When doing a data audit, the first step is choosing the criteria that you will use to evaluate your data. Your criteria will be the checklist you complete during your audit to ensure you don’t have any problems (or identify them if you do). Since no data is perfect, in practice this means you need to decide how much error you are willing to accept in your data.
For example, let us say we work for a mobile gaming company that collects usage data from the phones of customers playing our game. That usage data contains the action the user takes and a timestamp of when they take it, so that we can analyze behavior. This should be simple, but unfortunately a surprising number of mobile phones have bad clocks  which means the time they report an action as happening is not the time it actually happened! If even just 2% of devices have bad clocks, that means that the raw data associated with the timestamp we collect will be unreliable 2% of the time.

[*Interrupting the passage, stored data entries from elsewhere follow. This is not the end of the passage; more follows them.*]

lemma qint_Suc: "qint p (Suc n) = qint p n + p ^ n"
  by (simp add: qint_def)

lemma qint_closed: "p \<noteq> 1 \<Longrightarrow> qint p n = (1 - p ^ n) / (1 - p)"
  unfolding qint_def by (simp add: sum_gp_strict)

lemma qint_pos: "p > 0 \<Longrightarrow> n \<ge> 1 \<Longrightarrow> qint p n > 0"
  unfolding qint_def by (intro sum_pos) (auto simp: lessThan_empty_iff)

lemma qint_add: "qint p (k + i) = qint p i + p ^ i * qint p k"
  by (induction k) (simp_all add: qint_Suc algebra_simps power_add)

lemma qint_inverse_base:
  assumes "p \<noteq> 0" shows "qint p (Suc n) = p ^ n * qint (1 / p) (Suc n)"
proof -
  have "qint p (Suc n) = (\<Sum>i<Suc n. p ^ (n - i))"
    unfolding qint_def using sum.nat_diff_reindex[of "\<lambda>i. p ^ i" "Suc n"] by simp
  also have "\<dots> = (\<Sum>i<Suc n. p ^ n * (1 / p) ^ i)"
    using assms by (intro sum.cong refl) (simp add: power_diff power_one_over)
  finally show ?thesis by (simp add: qint_def sum_distrib_left del: sum.lessThan_Suc)
qed

lemma qfact_0 [simp]: "qfact p 0 = 1"
  by (simp add: qfact_def)

lemma qfact_Suc: "qfact p (Suc n) = qfact p n * qint p (Suc n)"
  by (simp add: qfact_def)

lemma qfact_pos: "p > 0 \<Longrightarrow> qfact p n > 0"
  unfolding qfact_def by (intro prod_pos) (auto intro: qint_pos)

lemma degree_prod_linear_le: "degree (\<Prod>i<m. [: a i, b i :]) \<le> m"
proof -
  have "degree (\<Prod>i<m. [: a i, b i :]) \<le> (\<Sum>i<m. degree [: a i, b i :])"
    using degree_prod_sum_le[of "{..<m}" "\<lambda>i. [: a i, b i :]"] by (simp add: o_def)
  also have "\<dots> \<le> (\<Sum>i<m. 1)"
    by (intro sum_mono) (simp add: degree_pCons_le)
  finally show ?thesis by simp
qed

lemma poly_eq_sum_coeff_le:
  fixes x :: "'a::{comm_semiring_0,semiring_1}"
  assumes "degree P \<le> n"
  shows "poly P x = (\<Sum>i\<le>n. coeff P i * x ^ i)"
  unfolding poly_altdef using assms
  by (intro sum.mono_neutral_left) (auto simp: coeff_eq_0)
(* Let $\rho,k\ge 1$ and let $\mathcal{F}$ be a finite family of $\rho$-fat objects in the plane with size-ratio at most $k$, and let $G$ be its intersection graph. Then $\chi_{CF}^{pn}(G)=O(k^2\rho^2)$ and $\chi_{CF}^{cn}(G)=O(\rho^2\log k)$ (for $k\ge2$ in the latter), where the implied constants are absolute.
   Context: A simple Jordan region $C$ in the plane is $\rho$-fat if there exist $x\in C$ and discs $A,B$ centered at $x$ with radii $r_A,r_B$ such that $A\subseteq C\subseteq B$ and $r_B/r_A\le\rho$. The size of a $\rho$-fat object $C$ is the maximum of $r_A$ over all such pairs $A,B$. The size-ratio of $\mathcal{F}$ is $\max_{C_1,C_2\in\mathcal{F}}\mathrm{size}(C_1)/\mathrm{size}(C_2)$. The intersection graph of $\mathcal{F}$ has vertex set $\mathcal{F}$, with distinct $C_1,C_2$ adjacent iff $C_1\cap C_2\neq\emptyset$. A coloring of $V(G)$ is a pointed (resp. closed) CF-coloring if for every $v$ with $N_G(v)\neq\emptyset$ (resp. for every $v$), the set $N_G(v)=\{u:\{u,v\}\in E(G)\}$ (resp. $N_G[v]=N_G(v)\cup\{v\}$) contains a vertex whose color differs from the colors of all other vertices of that set; $\chi_{CF}^{pn}(G)$ and $\chi_{CF}^{cn}(G)$ denote the minimum numbers of colors in such colorings. *)

theory Defs
  imports "HOL-Analysis.Analysis"
begin
(* Let $T\ge2$ be an integer and $\gamma\in\mathbb{R}$. Let $\{\hat c^n_t: n\ge1,\ 1\le t\le T-1\}$ be independent, identically distributed real random variables with mean $c$ and variance $\sigma^2<\infty$. Let $\alpha_{n-1,t}$ ($n\ge1$, $1\le t\le T-1$) be deterministic real numbers. Set $\bar v^0_t=0$ for $1\le t\le T-1$ and $\bar v^n_T=0$ for all $n\ge0$, and for $n\ge1$, $1\le t\le T-1$, $$\hat v^n_t=\hat c^n_t+\gamma\bar v^{n-1}_{t+1},\qquad \bar v^n_t=(1-\alpha_{n-1,t})\bar v^{n-1}_t+\alpha_{n-1,t}\hat v^n_t.$$ For $1\le t,t'\le T-1$ define $\delta^1_t=\alpha_{0,t}$, $\lambda^1_{t,t'}=\alpha_{0,t}^2\mathbf 1_{\{t=t'\}}$, and for $n>1$, $$\delta^n_t=(1+\gamma\delta^{n-1}_{t+1})\alpha_{n-1,t}+(1-\alpha_{n-1,t})\delta^{n-1}_t,$$ $$\lambda^n_{t,t'}=\alpha_{n-1,t}^2\mathbf 1_{\{t=t'\}}+J^{n-1}_{t,t'}+K^{n-1}_{t,t'}+L^{n-1}_{t,t'}+M^{n-1}_{t,t'},$$ where $J^{n-1}_{t,t'}=(1-\alpha_{n-1,t})(1-\alpha_{n-1,t'})\lambda^{n-1}_{t,t'}$, $K^{n-1}_{t,t'}=\gamma(1-\alpha_{n-1,t})\alpha_{n-1,t'}\lambda^{n-1}_{t,t'+1}$, $L^{n-1}_{t,t'}=\gamma\alpha_{n-1,t}(1-\alpha_{n-1,t'})\lambda^{n-1}_{t+1,t'}$, $M^{n-1}_{t,t'}=\gamma^2\alpha_{n-1,t}\alpha_{n-1,t'}\lambda^{n-1}_{t+1,t'+1}$, with the conventions $\delta^m_T=0$ and $\lambda^m_{t,T}=\lambda^m_{T,t'}=0$ for all $m$. Then for all $n\ge1$ and $1\le t,t'\le T-1$, $\mathbb{E}(\bar v^n_t)=\delta^n_tc$ and $\mathrm{Cov}(\bar v^n_t,\bar v^n_{t'})=\lambda^n_{t,t'}\sigma^2$.
   Context: This is a finite-horizon (horizon $T$) version of approximate value iteration for a single-state, single-action problem, where at each iteration $n$ the updates are performed for all $t=1,\dots,T-1$, and the terminal value is $0$. *)

theory Defs
  imports "HOL-Probability.Probability"
begin

text \<open>Approximate value iteration, finite horizon T, single state/action.
  vbar alpha gamma T chat n t \<omega> is the iterate bar v^n_t; alpha n t stands for alpha_{n,t},
  so the update producing bar v^{n+1} uses alpha n t = alpha_{(n+1)-1,t} and chat (n+1) t.\<close>
fun vbar :: "(nat \<Rightarrow> nat \<Rightarrow> real) \<Rightarrow> real \<Rightarrow> nat \<Rightarrow> (nat \<Rightarrow> nat \<Rightarrow> 'a \<Rightarrow> real)
              \<Rightarrow> nat \<Rightarrow> nat \<Rightarrow> 'a \<Rightarrow> real" where
  "vbar alpha gamma T chat 0 t \<omega> = 0"
| "vbar alpha gamma T chat (Suc n) t \<omega> =
     (if 1 \<le> t \<and> t \<le> T - 1 then
        (1 - alpha n t) * vbar alpha gamma T chat n t \<omega>
        + alpha n t * (chat (Suc n) t \<omega> + gamma * vbar alpha gamma T chat n (t + 1) \<omega>)
      else 0)"

fun delta :: "(nat \<Rightarrow> nat \<Rightarrow> real) \<Rightarrow> real \<Rightarrow> nat \<Rightarrow> nat \<Rightarrow> nat \<Rightarrow> real" where
  "delta alpha gamma T 0 t = 0"
| "delta alpha gamma T (Suc 0) t = (if 1 \<le> t \<and> t \<le> T - 1 then alpha 0 t else 0)"
| "delta alpha gamma T (Suc (Suc n)) t =
     (if 1 \<le> t \<and> t \<le> T - 1 then
        (1 + gamma * delta alpha gamma T (Suc n) (t + 1)) * alpha (Suc n) t
        + (1 - alpha (Suc n) t) * delta alpha gamma T (Suc n) t
      else 0)"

In this case, we have a few options:
- We can accept 2% of our data being bad, and hope that when we calculate aggregate statistics, the bad data does not significantly skew our metrics.
- We can attempt to identify that 2% and remove it from our dataset. Unfortunately that means our data set will be incomplete and potentially biased.
- We can attempt to correct the 2% of bad data. While adjusting the data would fix the original problem, doing so possibly introduces new forms of error or bias into the data.
These options assume that we can actually identify the 2% of our data that is bad in the first place, which is not always the case. Identifying and understanding these systemic issues is critical when choosing your criteria.
We’ve now seen some of the tradeoffs you need to make when choosing your audit criteria. In general, good criteria will follow a few rules to help you navigate these tradeoffs:
- Your data is as accurate as the metrics you calculate from it require. If you calculate daily metrics, then it is fine to not be able to rely on the hours and minutes.
- Acceptable data errors are clearly defined and understood. Since you cannot fix every issue, the next best thing is to clearly communicate exactly what you won’t fix and why. This can be as important as the metrics you report on your data.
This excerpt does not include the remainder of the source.